Yet even in the post-Stonewall years, when Wescott believed in it once again, the story remained unpublished. That was ironic because it was Wescott and Christopher Isherwood who arranged the publication of E. M. Forster’s long-suppressed
Maurice
in 1971. Wescott spoke about getting “Priapus” published as a little deluxe book in Europe during his final years, but it never happened.

After minimal light editing by me (picking the most Wescott-like adjectives where he left choices), a private chapbook was printed in 1995, just as a reading copy. “A Visit to Priapus” was included in a big British anthology,
The New Penguin Book of Gay Short Stories
(2003) edited by David Leavitt and Mark Mitchell, but in America it appeared only in the short-lived small journal
Ganymede
(2009, no. 3), thanks to the late, literature-loving publisher John Stahle. Even most Wescott readers have never seen it, until now.

The real-life autobiographical story is simple enough. Glenway and Monroe lived with George Platt Lynes as a threesome, but the intimacy was mostly between Monroe and George. Frustrated with his love life and his writing, Wescott took up a friend’s suggestion that he take a weekend trip to Maine to visit a young aspiring artist who was better known for his large endowment than for his canvases. In the story, Wescott’s familiar fictional self, Alwyn Tower, is a writer absorbed with concerns of love and lust and art. He meets the artist, who lives a middle-class, closeted life in a small New England town. The setup is perfect for Wescott’s first person account as well as his interior sort of writing. What follows is a long day, a sleepless sexual night, and the morning after. Through it all his character describes this misadventure beautifully, and thinks of his life and his loves at home, and finally reflects on the good that sex can do, even in somewhat ridiculous circumstances. It’s perfect subject matter for Wescott, who was a close friend of Dr. Alfred Kinsey, the famous sex researcher. As is often the case with his best writing, there is much more to the story than the plot.

The first of these autobiographical stories, “Adolescence,” actually did appear in the 1928 collection
Goodbye, Wisconsin
, but it is essential for the present work. In the story thirteen-year-old Philip goes to a Halloween party dressed as a girl at the suggestion of his fifteen-year-old friend Carl. In real life, young Glenway was in a relationship with a boy named Earl who had not yet discovered girls. Wescott once noted in a book inscription that in 1914 he stayed overnight in West Bend “in order to go to this party disguised as a girl. I was thirteen; ‘Carl’ was fifteen.”

Published in
Harper’s Magazine,
“Mr. Auerbach in Paris” is based on his first visit to Paris in the early 1920s, when he was working as a secretary to a rich philanthropist, Henry Goldman.
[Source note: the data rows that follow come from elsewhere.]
(* If $G$ is a tree, then $\mathcal{P}(G)=\mathcal{T}(G)$.
   Context: A tree is a connected graph with no cycle. A co-2-plex is a vertex set inducing a subgraph of maximum degree at most 1. $\mathcal{P}(G)=\mathrm{conv}\{\chi^S : S\text{ co-2-plex of } G\}\subseteq\mathbb{R}^V$. $\mathcal{T}(G)$ is the polytope of $x\in\mathbb{R}^V$ satisfying $0\le x\le 1$ and $x(W)+(|W|-1)x_w\le|W|$ for all $w\in V$ and $W\subseteq N(w)$, where $x(A)=\sum_{a\in A}x_a$. *)

theory Defs
  imports "HOL-Analysis.Analysis"
begin

text \<open>A finite simple graph on the finite vertex type 'n (vertex set V = UNIV),
given by an adjacency relation E. R^V is modelled as real^'n.\<close>

definition simple_graph :: "('n::finite \<Rightarrow> 'n \<Rightarrow> bool) \<Rightarrow> bool" where
  "simple_graph E \<longleftrightarrow> (\<forall>u v. E u v \<longrightarrow> E v u) \<and> (\<forall>v. \<not> E v v)"

definition graph_connected :: "('n::finite \<Rightarrow> 'n \<Rightarrow> bool) \<Rightarrow> bool" where
  "graph_connected E \<longleftrightarrow> (\<forall>u v. E\<^sup>*\<^sup>* u v)"

definition has_cycle :: "('n::finite \<Rightarrow> 'n \<Rightarrow> bool) \<Rightarrow> bool" where
  "has_cycle E \<longleftrightarrow> (\<exists>vs. length vs \<ge> 3 \<and> distinct vs \<and>
     (\<forall>i < length vs. E (vs ! i) (vs ! ((i + 1) mod length vs))))"

definition is_tree :: "('n::finite \<Rightarrow> 'n \<Rightarrow> bool) \<Rightarrow> bool" where
  "is_tree E \<longleftrightarrow> simple_graph E \<and> graph_connected E \<and> \<not> has_cycle E"

definition nbhd :: "('n::finite \<Rightarrow> 'n \<Rightarrow> bool) \<Rightarrow> 'n \<Rightarrow> 'n set" where
  "nbhd E w = {u. E w u}"

definition co2plex :: "('n::finite \<Rightarrow> 'n \<Rightarrow> bool) \<Rightarrow> 'n set \<Rightarrow> bool" where
  "co2plex E S \<longleftrightarrow> (\<forall>v\<in>S. card (nbhd E v \<inter> S) \<le> 1)"

definition charvec :: "'n::finite set \<Rightarrow> real ^ 'n" where
  "charvec S = (\<chi> v. if v \<in> S then 1 else 0)"

definition co2plex_polytope :: "('n::finite \<Rightarrow> 'n \<Rightarrow> bool) \<Rightarrow> (real ^ 'n) set" where
  "co2plex_polytope E = convex hull {charvec S | S. co2plex E S}"

definition T_polytope :: "('n::finite \<Rightarrow> 'n \<Rightarrow> bool) \<Rightarrow> (real ^ 'n) set" where
  "T_polytope E = {x. (\<forall>v. 0 \<le> x $ v \<and> x $ v \<le> 1) \<and>
     (\<forall>w W. W \<subseteq> nbhd E w \<longrightarrow>
        (\<Sum>a\<in>W. x $ a) + (real (card W) - 1) * x $ w \<le> real (card W))}"

end

theory Submission
  imports Defs
begin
It not only describes his wonderful first impressions of Paris, it reveals a chilling truth from the past—that many well-meaning powerful people in America and England totally misunderstood the soaring nationalism in Germany. Then there is “The Babe’s Bed,” which was published only as a little encased deluxe book in 1930. Alwyn Tower / Wescott is an expatriate writer leaving the luxury of Paris to visit his poor family in Wisconsin during the Depression. The family tensions remind the adult narrator of his boyhood and the fierce battles he had with his father in childhood—not unusual with young males but all too familiar to the gay male in an unsupportive home.

Next is “A Visit to Priapus,” which has waited all these years for its readers. Also written in the same time period is the never-before-published “The Stallions,” which reminds us that Wescott did live most of his days at the large farm of his brother and sister-in-law. When his character mentions that he’s never seen horses breeding, his brother “Tim” arranges that he witness two pairs of horses mating. Only Wescott could bring such elegant prose to such subject matter. Over the years, even decades later, he kept returning to this material to add human stories about country life, to build “The Stallions” into something much larger. He was frustrated in trying to expand this story into a novella because the additional drafts are good but unfinished, and would require major editing. Yet the original material, covering only the horse breeding scenes, remains sharp and clear in finished typescript, and it belongs here.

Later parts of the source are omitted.